Stress is an inevitable part of working life within any organization. Every employee encounters different types of stressful situations, which ultimately shape our attitudes towards, and perceptions of, the organization we work for. The authors of this study (Zhang, Lepine, Buckman, & Wei, 2014) proposed that people encounter two types of stress in the workplace, challenge stressors and hindrance stressors.
TYPES OF WORKPLACE STRESS
Challenge stressors consist of stress related to workload, the levels of complexity of a job, and time constraints. These stressors are common in most jobs and are a normal part of any work environment. Employees know that burdensome challenge stressors will typically lead to some sort of reward.
Hindrance stressors consist of stress related to workplace ambiguity, which involves roles and responsibilities not being clearly defined. Hindrance stressors also include office politics and unnecessary red tape within the organization. In essence, hindrance stressors are unnecessarily burdensome to employees and provide no perceived benefit.

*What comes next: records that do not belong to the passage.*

lemma path_edges_inj_up_to_rev:
  assumes "distinct vs" "distinct ws" "length vs \<ge> 2" "path_edges ws = path_edges vs"
  shows "ws = vs \<or> ws = rev vs"
proof -
  obtain a b r where vs: "vs = a # b # r" using assms(3) by (cases vs rule: path_edges.cases) auto
  have "hd ws = hd vs \<or> hd (rev ws) = hd vs"
    using first_vertex_is_endpoint[of a b r ws] assms vs by (auto simp: hd_rev)
  moreover have "path_edges (rev ws) = path_edges vs" "distinct (rev ws)"
    using assms by (simp_all add: path_edges_rev)
  ultimately show ?thesis
    using path_edges_same_start[of vs ws] path_edges_same_start[of vs "rev ws"] assms by auto
qed

lemma distinct_neq_rev:
  assumes "distinct vs" "length vs \<ge> 2"
  shows "vs \<noteq> rev vs"
proof
  assume "vs = rev vs"
  then have "hd vs = last vs" by (metis hd_rev)
  moreover obtain x y zs where "vs = x # y # zs" using assms(2) by (cases vs rule: path_edges.cases) auto
  ultimately show False using assms(1) last_in_set[of "y # zs"] by auto
qed

text \<open>A set U of at least two vertices carries exactly card U! / 2 paths through all of its
  vertices: every such path comes from exactly two orderings of U.\<close>

lemma card_spanning_paths:
  assumes U: "finite U" "card U \<ge> 2"
  shows "card (path_edges ` permutations_of_set U) = fact (card U) div 2"
proof -
  let ?L = "permutations_of_set U"
  have fiber: "{ws \<in> ?L. path_edges ws = E} = {vs, rev vs}" if vs: "vs \<in> ?L" "E = path_edges vs"
    for vs E
  proof -
    have "distinct vs" "length vs = card U" using vs(1) distinct_card[of vs]
      by (auto simp: permutations_of_set_def)
    moreover have "length ws = card U" if "ws \<in> ?L" for ws
      using that distinct_card[of ws] by (auto simp: permutations_of_set_def)
    ultimately show ?thesis
      using vs U path_edges_inj_up_to_rev[of vs]
      by (auto simp: permutations_of_set_def path_edges_rev)
  qed
  have two: "card {ws \<in> ?L. path_edges ws = E} = 2" if E: "E \<in> path_edges ` ?L" for E
  proof -
    obtain vs where vs: "vs \<in> ?L" "E = path_edges vs" using E by blast
    have "distinct vs" "length vs = card U" using vs(1) distinct_card[of vs]
      by (auto simp: permutations_of_set_def)
    then have "vs \<noteq> rev vs" using distinct_neq_rev U by metis
    then show ?thesis using fiber[OF vs] by simp
  qed
  have fibers: "?L = (\<Union>E\<in>path_edges ` ?L. {ws \<in> ?L. path_edges ws = E})" by auto
  have "card ?L = (\<Sum>E\<in>path_edges ` ?L. card {ws \<in> ?L. path_edges ws = E})"
    by (subst fibers, rule card_UN_disjoint) auto
  also have "\<dots> = 2 * card (path_edges ` ?L)" using two by simp
  finally show ?thesis using U by simp
qed


section \<open>Hermite polynomials of an arbitrary finite vertex set\<close>

definition paths_on :: "nat \<Rightarrow> 'a set \<Rightarrow> 'a set set set" where
  "paths_on t V = {path_edges vs | vs. length vs = t + 1 \<and> distinct vs \<and> set vs \<subseteq> V}"

definition path_families_on :: "nat \<Rightarrow> 'a set \<Rightarrow> 'a set set set set" where
  "path_families_on t V =
     {F. F \<subseteq> paths_on t V \<and> (\<forall>P\<in>F. \<forall>Q\<in>F. P \<noteq> Q \<longrightarrow> \<Union>P \<inter> \<Union>Q = {})}"

definition hermite_on :: "nat \<Rightarrow> 'a set \<Rightarrow> int poly" where
  "hermite_on t V =
     (\<Sum>F\<in>path_families_on t V. monom ((-1) ^ card F) (card V - (t + 1) * card F))"

lemma tpaths_eq_paths_on: "tpaths t n = paths_on t {1..n}"
proof -
  have "(length vs = t + 1 \<and> distinct vs \<and> set vs \<subseteq> {1..n} \<and> E = {{vs ! i, vs ! (i + 1)} | i. i < t})
    \<longleftrightarrow> (E = path_edges vs \<and> length vs = t + 1 \<and> distinct vs \<and> set vs \<subseteq> {1..n})"
    for E and vs :: "nat list"
    by (auto simp: path_edges_nth)
  then show ?thesis unfolding tpaths_def paths_on_def by (simp only:)
qed

lemma hermite_eq_hermite_on: "hermite t n = hermite_on t {1..n}"
  unfolding hermite_def hermite_on_def path_families_def path_families_on_def
    tpaths_eq_paths_on verts_def by simp

lemma paths_onE:
  assumes "t \<ge> 1" "P \<in> paths_on t V"
  obtains vs where "P = path_edges vs" "length vs = t + 1" "distinct vs" "set vs \<subseteq> V"
    "\<Union>P = set vs"
proof -
  obtain vs where vs: "P = path_edges vs" "length vs = t + 1" "distinct vs" "set vs \<subseteq> V"
    using assms(2) unfolding paths_on_def by blast
  moreover have "\<Union>P = set vs" using vs(1,2) assms(1) Union_path_edges[of vs] by simp
  ultimately show ?thesis using that by blast
qed

lemma path_vertices_subset: "t \<ge> 1 \<Longrightarrow> P \<in> paths_on t V \<Longrightarrow> \<Union>P \<subseteq> V"
  by (erule paths_onE) auto

lemma card_path_vertices: "t \<ge> 1 \<Longrightarrow> P \<in> paths_on t V \<Longrightarrow> card (\<Union>P) = t + 1"
  by (erule paths_onE) (auto simp: distinct_card)

lemma finite_path_vertices: "t \<ge> 1 \<Longrightarrow> P \<in> paths_on t V \<Longrightarrow> finite (\<Union>P)"
  by (erule paths_onE) auto

lemma paths_on_restrict:
  assumes "t \<ge> 1" "P \<in> paths_on t V" "\<Union>P \<subseteq> W"
  shows "P \<in> paths_on t W"
proof -
  obtain vs where vs: "P = path_edges vs" "length vs = t + 1" "distinct vs" "\<Union>P = set vs"
    using paths_onE[OF assms(1,2)] by metis
  then have "set vs \<subseteq> W" using assms(3) by simp
  then show ?thesis using vs unfolding paths_on_def by blast
qed

lemma paths_on_mono: "V \<subseteq> W \<Longrightarrow> paths_on t V \<subseteq> paths_on t W"
  unfolding paths_on_def by blast

lemma finite_paths_on: "finite V \<Longrightarrow> finite (paths_on t V)"
proof -
  assume V: "finite V"
  have "paths_on t V \<subseteq> path_edges ` {vs. set vs \<subseteq> V \<and> length vs = t + 1}"
    unfolding paths_on_def by blast
  then show ?thesis using finite_lists_length_eq[OF V] finite_subset by blast
qed

lemma finite_path_families_on: "finite V \<Longrightarrow> finite (path_families_on t V)"
proof -
  assume "finite V"
  moreover have "path_families_on t V \<subseteq> Pow (paths_on t V)" unfolding path_families_on_def by blast
  ultimately show ?thesis using finite_paths_on by (metis finite_Pow_iff finite_subset)
qed

lemma finite_path_family: "finite V \<Longrightarrow> F \<in> path_families_on t V \<Longrightarrow> finite F"
  using finite_paths_on[of V t] unfolding path_families_on_def by (auto intro: finite_subset)

lemma family_vertices_subset:
  assumes t: "t \<ge> 1" and "F \<in> path_families_on t V" "Q \<in> F"
  shows "\<Union>Q \<subseteq> V"
proof -
  have "Q \<in> paths_on t V" using assms(2,3) unfolding path_families_on_def by blast
  then show ?thesis by (rule path_vertices_subset[OF t])
qed

text \<open>The paths of a family occupy (t + 1) card F distinct vertices, so the exponents in the
  Hermite sum are never truncated.\<close>

lemma family_size_bound:
  assumes t: "t \<ge> 1" and V: "finite V" and F: "F \<in> path_families_on t V"
  shows "(t + 1) * card F \<le> card V"
proof -
  have Fs: "F \<subseteq> paths_on t V" and dis: "\<forall>P\<in>F. \<forall>Q\<in>F. P \<noteq> Q \<longrightarrow> \<Union>P \<inter> \<Union>Q = {}"
    using F unfolding path_families_on_def by auto
  have "\<forall>P\<in>F. finite (\<Union>P)" using Fs finite_path_vertices[OF t] by blast
  then have "card (\<Union>P\<in>F. \<Union>P) = (\<Sum>P\<in>F. card (\<Union>P))"
    using finite_path_family[OF V F] dis by (intro card_UN_disjoint) auto
  also have "\<dots> = (\<Sum>P\<in>F. t + 1)"
    using Fs card_path_vertices[OF t] by (intro sum.cong) auto
  also have "\<dots> = (t + 1) * card F" by simp
  finally have "card (\<Union>P\<in>F. \<Union>P) = (t + 1) * card F" .
  moreover have "(\<Union>P\<in>F. \<Union>P) \<subseteq> V" using Fs path_vertices_subset[OF t] by blast
  ultimately show ?thesis using card_mono[OF V] by metis
qed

The researchers acknowledged that both forms of stress can cause an employee to experience mental fatigue and decreased job performance. But employees generally accept challenge stressors because, in the long term, this type of stress can be beneficial for developing coping skills that may help employees navigate continued stressful work environments. The study found that different leadership styles within an organization can also have an impact on an employee’s stress level.
Transactional leadership focuses on an exchange between the organization’s leader and its employees. Generally, leadership will provide employees with specific deadlines, goals and objectives to complete. Employees can usually expect a system of rewards or punishment in response to completion of their tasks under specified criteria.
Transformational leadership focuses on communicating the vision, mission, and direction of the company to those within the organization. It can also include getting “buy in” from employees regarding the direction of the organization and allowing them to have an invested stake in the company. In short, it is effective for empowering employees.
THE ROLE OF ORGANIZATIONAL JUSTICE
The types of stress and leadership we encounter within the workplace can shape whether we perceive the actions of the organization’s leadership as being fair or not. This concept of fairness is described as organizational justice. In other words, do we feel that we are being properly compensated for the work stress we endure? If we do not feel that the stress we encounter is fair, then it is bound to negatively impact our overall job performance. As a result, employees who feels that stress is unwarranted will take steps to avoid unnecessary mental fatigue.
To examine the connection between leadership styles, fairness, and job performance, researchers conducted a study consisting of 339 employees and 88 supervisors.
The study led to some interesting findings, which included:
- Organizational justice (fairness) reduces the impact of hindrance stressors on job performance.
- Greater exposure to transactional leadership can indirectly reduce the impact of negative hindrance stressors on job performance.
- Greater exposure to transformational leadership can indirectly increase the positive impact of challenge stressors on job performance. This occurs because of improved organizational justice.
BIG PICTURE TAKEAWAYS
The study found that transactional leadership affects an employee’s view of fairness, which indirectly lessens the negative impact of hindrance stressors, but does not do the same for challenge stressors. Basically, transactional leaders provide a clearly defined set of rewards and punishment regarding tasks, which allows employees to know precisely where they stand.
The study also found that transformational leadership affects an employee’s view of fairness, which lessens the stress associated with challenge stressors, but does not do the same for hindrance stressors. A transformational leader helps employees take ownership of their work, and the employee, in turn, sees challenge stressors as opportunities for growth and improvement. Transformational leaders are not as effective with hindrance stressors because employees may view these leaders as “out of touch.” They do not address the bureaucracy, as they are more focused on big picture objectives.
In the end, the article makes a case that transformational and transactional leaders both have their place. This supports previous research suggesting that the best leaders have aspects that are both transactional and transformational. Leaders who inspire employees and also provide adequate structure can provide a sense of organizational balance. By offering a more balanced work environment, these leaders can help reduce the negative impact that stress has on an organization. This ultimately helps to increase job performance among employees.
Zhang, Y., Lepine, J. A., Buckman, B. R., & Wei, F. (2014). It’s Not Fair … Or Is It? The Role of Justice and Leadership in Explaining Work Stressor–Job Performance Relationships. Academy of Management Journal, 57(3), 675-697.